■ YOUR GOAL:
Quote exactly and only this range of lines in the data below: the line that holds "word \<Rightarrow> 'g word \<Rightarrow>" to the line that holds "v @ word_inv", both included.

■ Stored data:
-.-.-
(* Let $\mathbb{G}$ be a partially commutative group, $x$ one of its canonical generators, $n\ge 2$, and let $\mathbb{H}=\langle \mathbb{G}, A\mid [A,C_{\mathbb{G}}(x)]=1\rangle$, where $A\cong\mathbb{Z}^{n-1}$ is free abelian (i.e. $\mathbb{H}$ is obtained from $\mathbb{G}$ by adjoining a free abelian group $A$ of rank $n-1$ whose elements commute with every element of the centraliser $C_{\mathbb{G}}(x)$). Then $\mathbb{H}$ is discriminated by $\mathbb{G}$.
   Context: A partially commutative group is $\mathbb{G}(\Gamma)=\langle V(\Gamma)\mid [x,y]=1 \text{ for } (x,y)\in E(\Gamma)\rangle$ for a finite simplicial graph $\Gamma$; its canonical generators are the elements of $V(\Gamma)$. A group $H$ is discriminated by $G$ if for every finite set $S\subseteq H$ there is a homomorphism $H\to G$ that is injective on $S$. *)

theory Defs
  imports "HOL-Algebra.Group"
begin

text \<open>Group presentations. A letter is a pair (g, b) where b = True means the
inverse of the generator g. Words over a generator set X are lists of letters
from X.\<close>

type_synonym 'g word = "('g \<times> bool) list"

definition words :: "'g set \<Rightarrow> 'g word set" where
  "words X = {w. \<forall>l \<in> set w. fst l \<in> X}"

definition word_inv :: "'g word \<Rightarrow> 'g word" where
  "word_inv w = rev (map (\<lambda>(g, b). (g, \<not> b)) w)"

definition commutator_word :: "'g word \<Rightarrow> 'g word \<Rightarrow> 'g word" where
  "commutator_word u v = u @ v @ word_inv u @ word_inv v"

inductive_set pres_rel :: "'g set \<Rightarrow> 'g word set \<Rightarrow> ('g word \<times> 'g word) set"
  for X :: "'g set" and R :: "'g word set" where
  refl: "w \<in> words X \<Longrightarrow> (w, w) \<in> pres_rel X R"
| sym: "(u, v) \<in> pres_rel X R \<Longrightarrow> (v, u) \<in> pres_rel X R"
| trans: "(u, v) \<in> pres_rel X R \<Longrightarrow> (v, w) \<in> pres_rel X R \<Longrightarrow> (u, w) \<in> pres_rel X R"
| cancel: "u \<in> words X \<Longrightarrow> v \<in> words X \<Longrightarrow> a \<in> X \<Longrightarrow>
     (u @ [(a, b), (a, \<not> b)] @ v, u @ v) \<in> pres_rel X R"
| relator: "u \<in> words X \<Longrightarrow> v \<in> words X \<Longrightarrow> r \<in> R \<Longrightarrow> r \<in> words X \<Longrightarrow>
     (u @ r @ v, u @ v) \<in> pres_rel X R"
-.-.-
■ EXERCISE RESPONSE:
definition commutator_word :: "'g word \<Rightarrow> 'g word \<Rightarrow> 'g word" where
  "commutator_word u v = u @ v @ word_inv u @ word_inv v"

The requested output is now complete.